--- START ---

(* Let $p$ be a prime and $f>1$ an integer, and let $l=f$ if $f$ is odd and $l=2f$ if $f$ is even. Define $\boldsymbol{\mu}=(\mu_0(x),\dots,\mu_{f-1}(x))$ by $\mu_0(x)=x-1$, $\mu_1(x)=p-2-x$, and $\mu_j(x)=p-1-x$ for $2\leq j\leq f-1$. Let $\boldsymbol{\mu}^{(0)}=(x,\dots,x)$ and $\boldsymbol{\mu}^{(k)}=g^{k-1}\boldsymbol{\mu}\circ g^{k-2}\boldsymbol{\mu}\circ\cdots\circ g\boldsymbol{\mu}\circ\boldsymbol{\mu}$ for $1\leq k\leq l$. For $0\leq k\leq l$ let $\boldsymbol{m}^{(k)}\in(\mathbb{Z}/2\mathbb{Z})^f$ be the tuple whose $j$-th entry is $0$ if the coefficient of $x$ in $\mu^{(k)}_j(x)$ is $+1$ and is $1$ if it is $-1$. Then: (1) for all $1\leq k\leq l$, $\boldsymbol{m}^{(k)}=g^k\boldsymbol{m}^{(l-k)}$; (2) for $1\leq k_1,k_2\leq l-1$ with $k_1\neq k_2$, the tuples $\boldsymbol{m}^{(k_1)}$ and $\boldsymbol{m}^{(k_2)}$ are cyclic permutations of each other if and only if $k_2=l-k_1$; (3) for $1\leq k\leq l-1$, with $k\neq l/2$ when $f$ is even, $\boldsymbol{m}^{(k)}$ is not equal to any of its non-trivial cyclic permutations.
   Context: $(\mathbb{Z}\pm x)^f$ denotes the set of $f$-tuples $\boldsymbol{\lambda}=(\lambda_0(x),\dots,\lambda_{f-1}(x))$ of polynomials of the form $a\pm x$ with $a\in\mathbb{Z}$, indices taken in $\{0,\dots,f-1\}$. Composition is componentwise: $\boldsymbol{\lambda}\circ\boldsymbol{\lambda}'=(\lambda_0(\lambda'_0(x)),\dots,\lambda_{f-1}(\lambda'_{f-1}(x)))$. The cyclic shift $g$ acts on $f$-tuples (of polynomials or of elements of $\mathbb{Z}/2\mathbb{Z}$) by $(g\boldsymbol{\lambda})_j=\lambda_{j+1}$, indices modulo $f$. Equivalently, $\mu^{(k)}_j=\mu^{(k-1)}_j-1$ if $j\equiv 1-k \pmod f$, $\mu^{(k)}_j=p-2-\mu^{(k-1)}_j$ if $j\equiv 2-k\pmod f$, and $\mu^{(k)}_j=p-1-\mu^{(k-1)}_j$ otherwise. *)

theory Defs
  imports Main "HOL-Computational_Algebra.Primes"
begin

text \<open>An element a + s*x of (Z \<pm> x) is represented by the pair (a, s) with s \<in> {1,-1}.
  f-tuples are lists of length f; the cyclic shift g is rotate1, so g^k = rotate k.\<close>

type_synonym linpoly = "int \<times> int"

definition lcomp :: "linpoly \<Rightarrow> linpoly \<Rightarrow> linpoly" where
  "lcomp l l' = (fst l + snd l * fst l', snd l * snd l')"

definition tcomp :: "linpoly list \<Rightarrow> linpoly list \<Rightarrow> linpoly list" where
  "tcomp xs ys = map2 lcomp xs ys"

definition mu :: "nat \<Rightarrow> nat \<Rightarrow> linpoly list" where
  "mu p f = map (\<lambda>j. if j = 0 then (-1, 1)
                     else if j = 1 then (int p - 2, -1)
                     else (int p - 1, -1)) [0..<f]"

fun mu_pow :: "nat \<Rightarrow> nat \<Rightarrow> nat \<Rightarrow> linpoly list" where
  "mu_pow p f 0 = replicate f (0, 1)"
| "mu_pow p f (Suc k) = tcomp (rotate k (mu p f)) (mu_pow p f k)"

definition m_tup :: "nat \<Rightarrow> nat \<Rightarrow> nat \<Rightarrow> nat list" where
  "m_tup p f k = map (\<lambda>q. if snd q = 1 then 0 else 1) (mu_pow p f k)"

definition ell :: "nat \<Rightarrow> nat" where
  "ell f = (if odd f then f else 2 * f)"

end

theory Submission
  imports Defs
begin

(* The coefficient of x in mu^(k)_j is the product of the coefficients of the components
   mu_((j + t) mod f), t < k, and mu_0 is the only component with coefficient +1; the constant
   terms.  So m^(k)_j is the parity of k + c(k, j), where c(k, j) counts
   the t < k with f dvd j + t.  The count c is additive over consecutive windows and equals q
   on a window of length q f, so m^(k)_j + m^(l-k)_(j+k) is congruent to l + l/f, which is even:
   this is (1).  For 0 < k <= f, m^(k) is a cyclic shift of a word made of a block of k equal
   letters followed by a block of f - k copies of the other letter, and for f < k < 2f it is by
   (1) a cyclic shift of m^(2f-k).  A word with two nonempty blocks has no nontrivial
   rotational symmetry, which gives (3), and the number of ones separates the rotation
   classes, which gives (2). *)

definition mu0_count :: "nat \<Rightarrow> nat \<Rightarrow> nat \<Rightarrow> nat" where
  "mu0_count f k j = card {t. t < k \<and> f dvd t + j}"

lemma mu0_count_0 [simp]: "mu0_count f 0 j = 0"
  by (simp add: mu0_count_def)

lemma mu0_count_Suc:
  "mu0_count f (Suc k) j = mu0_count f k j + (if f dvd k + j then 1 else 0)"
proof -
  have "{t. t < Suc k \<and> f dvd t + j} =
      (if f dvd k + j then insert k else id) {t. t < k \<and> f dvd t + j}"
    by (auto simp: less_Suc_eq)
  then show ?thesis
    by (simp add: mu0_count_def)
qed

lemma mu0_count_add:
  "mu0_count f (a + b) j = mu0_count f a j + mu0_count f b (j + a)"
  by (induction b) (simp_all add: mu0_count_Suc ac_simps)

lemma mu0_count_mod: "mu0_count f k (j mod f) = mu0_count f k j"
  unfolding mu0_count_def dvd_eq_mod_eq_0 by (simp add: mod_add_right_eq)

lemma mu0_count_period:
  assumes "0 < f"
  shows "mu0_count f f j = 1"
proof (induction j)
  case 0
  have "{t. t < f \<and> f dvd t + 0} = {0}"
    using assms by (auto dest: dvd_imp_le)
  then show ?case
    by (simp add: mu0_count_def)
next
  case (Suc j)
  have "mu0_count f 1 j + mu0_count f f (Suc j) = mu0_count f f j + mu0_count f 1 (j + f)"
    using mu0_count_add[of f 1 f j] mu0_count_add[of f f 1 j] by simp
  then show ?case
    using Suc.IH by (simp add: mu0_count_Suc)
qed

lemma mu0_count_mult_period:
  assumes "0 < f"
  shows "mu0_count f (q * f) j = q"
proof (induction q)
  case (Suc q)
  have "mu0_count f (q * f + f) j = mu0_count f (q * f) j + mu0_count f f (j + q * f)"
    by (rule mu0_count_add)
  then show ?case
    using Suc.IH mu0_count_period[OF assms] by (simp add: add.commute)
qed simp

lemma length_mu_pow [simp]: "length (mu_pow p f k) = f"
  by (induction k) (simp_all add: tcomp_def mu_def)

lemma length_m_tup [simp]: "length (m_tup p f k) = f"
  by (simp add: m_tup_def)

lemma snd_mu_pow_nth:
  assumes "j < f"
  shows "snd (mu_pow p f k ! j) = (-1) ^ (k + mu0_count f k j)"
proof (induction k)
  case (Suc k)
  have "snd (mu_pow p f (Suc k) ! j) = snd (mu p f ! ((k + j) mod f)) * snd (mu_pow p f k ! j)"
    using assms by (simp add: tcomp_def lcomp_def nth_rotate mu_def del: upt_Suc)
  also have "snd (mu p f ! ((k + j) mod f)) = (if f dvd k + j then 1 else -1)"
    using assms by (simp add: mu_def dvd_eq_mod_eq_0)
  finally show ?case
    using Suc.IH by (simp add: mu0_count_Suc)
qed (simp add: assms)

lemma m_tup_nth:
  assumes "j < f"
  shows "m_tup p f k ! j = (k + mu0_count f k j) mod 2"
  using snd_mu_pow_nth[OF assms, of p k] assms
  by (simp add: m_tup_def minus_one_power_iff mod2_eq_if)

lemma m_tup_reflection:
  assumes "f dvd N" and "even (N + N div f)" and "k \<le> N"
  shows "m_tup p f k = rotate k (m_tup p f (N - k))"
proof (rule nth_equalityI)
  fix j
  assume "j < length (m_tup p f k)"
  then have j: "j < f"
    by simp
  then have "0 < f"
    by simp
  have "mu0_count f k j + mu0_count f (N - k) ((k + j) mod f) = mu0_count f N j"
    using mu0_count_add[of f k "N - k" j] assms(3) by (simp add: mu0_count_mod add.commute)
  also have "\<dots> = N div f"
    using mu0_count_mult_period[OF \<open>0 < f\<close>, of "N div f" j] assms(1) by simp
  finally have "even ((k + mu0_count f k j) + (N - k + mu0_count f (N - k) ((k + j) mod f)))"
    using assms(2,3) by (simp add: algebra_simps)
  then show "m_tup p f k ! j = rotate k (m_tup p f (N - k)) ! j"
    using j by (simp add: nth_rotate m_tup_nth mod2_eq_if)
qed simp

lemma mu0_count_within_period:
  assumes "0 < k" and "k \<le> f" and "j < f"
  shows "mu0_count f k j = (if j = 0 \<or> f < k + j then 1 else 0)"
proof -
  have "f dvd t + j \<longleftrightarrow> t + j = 0 \<or> t + j = f" if "t < k" for t
  proof
    assume "f dvd t + j"
    then obtain q where "t + j = f * q"
      by blast
    moreover from that assms have "t + j < f * 2"
      by simp
    ultimately have "q < 2"
      by simp
    then show "t + j = 0 \<or> t + j = f"
      using \<open>t + j = f * q\<close> by (auto simp: less_2_cases_iff)
  qed auto
  then have "{t. t < k \<and> f dvd t + j} = (if j = 0 \<or> f < k + j then {(f - j) mod f} else {})"
    using assms by auto
  then show ?thesis
    by (simp add: mu0_count_def)
qed

lemma m_tup_block_form:
  assumes "0 < k" and "k \<le> f"
  shows "m_tup p f k = rotate (k - 1) (replicate k (Suc k mod 2) @ replicate (f - k) (k mod 2))"
proof (rule nth_equalityI)
  fix j
  assume "j < length (m_tup p f k)"
  then have j: "j < f"
    by simp
  have "(k - 1 + j) mod f < k \<longleftrightarrow> j = 0 \<or> f < k + j"
    using assms j by (cases "k - 1 + j < f") (auto simp: le_mod_geq)
  then show "m_tup p f k ! j =
      rotate (k - 1) (replicate k (Suc k mod 2) @ replicate (f - k) (k mod 2)) ! j"
    using assms j by (auto simp: m_tup_nth mu0_count_within_period nth_rotate nth_append mod2_eq_if)
qed (use assms in simp)

lemma mset_rotate [simp]: "mset (rotate n xs) = mset xs"
  by (metis append_take_drop_id mset_append rotate_drop_take union_commute)

lemma inj_rotate: "inj (rotate n)"
  unfolding rotate_def by (rule inj_fn[OF inj_rotate1])

lemma rotate_fixed_rotate_iff: "rotate i (rotate n xs) = rotate n xs \<longleftrightarrow> rotate i xs = xs"
  by (metis rotate_rotate add.commute inj_rotate injD)

lemma rotate_two_blocks_neq:
  assumes "x \<noteq> y" and "0 < a" and "0 < b" and "0 < i" and "i < a + b"
  shows "rotate i (replicate a x @ replicate b y) \<noteq> replicate a x @ replicate b y"
proof
  let ?zs = "replicate a x @ replicate b y"
  assume fixed: "rotate i ?zs = ?zs"
  have nth_zs: "?zs ! q = (if q < a then x else y)" if "q < a + b" for q
    using that by (simp add: nth_append)
  have shift: "?zs ! ((i + j) mod (a + b)) = ?zs ! j" if "j < a + b" for j
    using nth_rotate[of j ?zs i] that by (simp add: fixed)
  have last_x: "?zs ! ((i + (a - 1)) mod (a + b)) = x" and first_y: "?zs ! ((i + a) mod (a + b)) = y"
    using shift[of "a - 1"] shift[of a] assms by (simp_all add: nth_zs)
  show False
  proof (cases "i + a < a + b")
    case True
    then show False
      using last_x assms by (simp add: nth_zs split: if_splits)
  next
    case False
    then show False
      using first_y assms by (simp add: nth_zs le_mod_geq split: if_splits)
  qed
qed

lemma count_ones_m_tup:
  assumes "0 < k" and "k \<le> f"
  shows "count (mset (m_tup p f k)) 1 = (if even k then k else f - k)"
  using assms by (simp add: m_tup_block_form mod2_eq_if)

lemma m_tup_rotate_neq_within_period:
  assumes "0 < k" and "k < f" and "0 < i" and "i < f"
  shows "rotate i (m_tup p f k) \<noteq> m_tup p f k"
  using rotate_two_blocks_neq[of "Suc k mod 2" "k mod 2" k "f - k" i] assms
  by (simp add: m_tup_block_form rotate_fixed_rotate_iff mod2_eq_if)

lemma m_tup_ell_reflection:
  assumes "0 < f" and "k \<le> ell f"
  shows "m_tup p f k = rotate k (m_tup p f (ell f - k))"
  by (rule m_tup_reflection) (use assms in \<open>auto simp: ell_def\<close>)

lemma count_ones_m_tup_beyond_period:
  assumes "even f" and "f < k" and "k < 2 * f"
  shows "count (mset (m_tup p f k)) 1 = (if even k then 2 * f - k else k - f)"
proof -
  have "m_tup p f k = rotate k (m_tup p f (2 * f - k))"
    using m_tup_ell_reflection[of f k p] assms by (simp add: ell_def)
  then show ?thesis
    using count_ones_m_tup[of "2 * f - k" f p] assms by simp
qed

lemma m_tup_ell_rotate_neq:
  assumes "0 < k" and "k < ell f" and "even f \<longrightarrow> 2 * k \<noteq> ell f" and "0 < i" and "i < f"
  shows "rotate i (m_tup p f k) \<noteq> m_tup p f k"
proof (cases "k < f")
  case True
  then show ?thesis
    using m_tup_rotate_neq_within_period assms by blast
next
  case False
  then have "even f" "f < k" "k < 2 * f"
    using assms by (auto simp: ell_def split: if_splits)
  then have "m_tup p f k = rotate k (m_tup p f (2 * f - k))"
    using m_tup_ell_reflection[of f k p] by (simp add: ell_def)
  then show ?thesis
    using m_tup_rotate_neq_within_period[of "2 * f - k" f i p] assms \<open>f < k\<close> \<open>k < 2 * f\<close>
    by (simp add: rotate_fixed_rotate_iff)
qed

lemma m_tup_ell_rotation_equivalent_iff:
  assumes "0 < f" and "0 < k1" and "k1 < ell f" and "0 < k2" and "k2 < ell f" and "k1 \<noteq> k2"
  shows "(\<exists>i. rotate i (m_tup p f k1) = m_tup p f k2) \<longleftrightarrow> k2 = ell f - k1"
proof
  assume "\<exists>i. rotate i (m_tup p f k1) = m_tup p f k2"
  then have same_count: "count (mset (m_tup p f k1)) 1 = count (mset (m_tup p f k2)) 1"
    by (metis mset_rotate)
  show "k2 = ell f - k1"
  proof (cases "odd f")
    case True
    then have "k1 < f" "k2 < f"
      using assms by (simp_all add: ell_def)
    then show ?thesis
      using same_count count_ones_m_tup[of k1 f p] count_ones_m_tup[of k2 f p] assms \<open>odd f\<close>
      by (auto simp: ell_def split: if_splits)
  next
    case False
    then have "k1 < 2 * f" "k2 < 2 * f"
      using assms by (simp_all add: ell_def)
    define weight where "weight k = (if k \<le> f then (if even k then k else f - k)
        else (if even k then 2 * f - k else k - f))" for k
    have count_eq: "count (mset (m_tup p f k)) 1 = weight k" if "0 < k" "k < 2 * f" for k
      using that False count_ones_m_tup[of k f p] count_ones_m_tup_beyond_period[of f k p]
      by (simp add: weight_def)
    have "even (weight k) \<longleftrightarrow> even k" if "k < 2 * f" for k
      using that False by (auto simp: weight_def even_diff_nat)
    then have "even k1 \<longleftrightarrow> even k2"
      using same_count count_eq assms \<open>k1 < 2 * f\<close> \<open>k2 < 2 * f\<close> by metis
    then show ?thesis
      using same_count count_eq[of k1] count_eq[of k2] assms False \<open>k1 < 2 * f\<close> \<open>k2 < 2 * f\<close>
      by (auto simp: weight_def ell_def split: if_splits)
  qed
next
  assume "k2 = ell f - k1"
  then have "m_tup p f k2 = rotate k2 (m_tup p f k1)"
    using m_tup_ell_reflection[of f k2 p] assms by simp
  then show "\<exists>i. rotate i (m_tup p f k1) = m_tup p f k2"
    by metis
qed

theorem lemma2p1:
  fixes p f :: nat
  assumes "prime p" and "f > 1"
  shows "(\<forall>k. 1 \<le> k \<and> k \<le> ell f \<longrightarrow> m_tup p f k = rotate k (m_tup p f (ell f - k)))
    \<and> (\<forall>k1 k2. 1 \<le> k1 \<and> k1 \<le> ell f - 1 \<and> 1 \<le> k2 \<and> k2 \<le> ell f - 1 \<and> k1 \<noteq> k2 \<longrightarrow>
          ((\<exists>i. rotate i (m_tup p f k1) = m_tup p f k2) \<longleftrightarrow> k2 = ell f - k1))
    \<and> (\<forall>k. 1 \<le> k \<and> k \<le> ell f - 1 \<and> (even f \<longrightarrow> 2 * k \<noteq> ell f) \<longrightarrow>
          (\<forall>i. 0 < i \<and> i < f \<longrightarrow> rotate i (m_tup p f k) \<noteq> m_tup p f k))"
proof -
  have "0 < f"
    using assms(2) by simp
  then have "0 < ell f"
    by (simp add: ell_def)
  show ?thesis
  proof (intro conjI allI impI)
    fix k
    assume "1 \<le> k \<and> k \<le> ell f"
    then show "m_tup p f k = rotate k (m_tup p f (ell f - k))"
      using m_tup_ell_reflection \<open>0 < f\<close> by blast
  next
    fix k1 k2
    assume k: "1 \<le> k1 \<and> k1 \<le> ell f - 1 \<and> 1 \<le> k2 \<and> k2 \<le> ell f - 1 \<and> k1 \<noteq> k2"
    show "(\<exists>i. rotate i (m_tup p f k1) = m_tup p f k2) \<longleftrightarrow> k2 = ell f - k1"
      by (rule m_tup_ell_rotation_equivalent_iff) (use k \<open>0 < f\<close> \<open>0 < ell f\<close> in auto)
  next
    fix k i
    assume k: "1 \<le> k \<and> k \<le> ell f - 1 \<and> (even f \<longrightarrow> 2 * k \<noteq> ell f)" and i: "0 < i \<and> i < f"
    show "rotate i (m_tup p f k) \<noteq> m_tup p f k"
      by (rule m_tup_ell_rotate_neq) (use k i \<open>0 < ell f\<close> in auto)
  qed
qed

end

--- END ---

## Exercise brief
Among the lines of the preceding data, which ones hold the word "linpoly"? List them.

## Result below
type_synonym linpoly = "int \<times> int"
definition lcomp :: "linpoly \<Rightarrow> linpoly \<Rightarrow> linpoly" where
definition tcomp :: "linpoly list \<Rightarrow> linpoly list \<Rightarrow> linpoly list" where
definition mu :: "nat \<Rightarrow> nat \<Rightarrow> linpoly list" where
fun mu_pow :: "nat \<Rightarrow> nat \<Rightarrow> nat \<Rightarrow> linpoly list" where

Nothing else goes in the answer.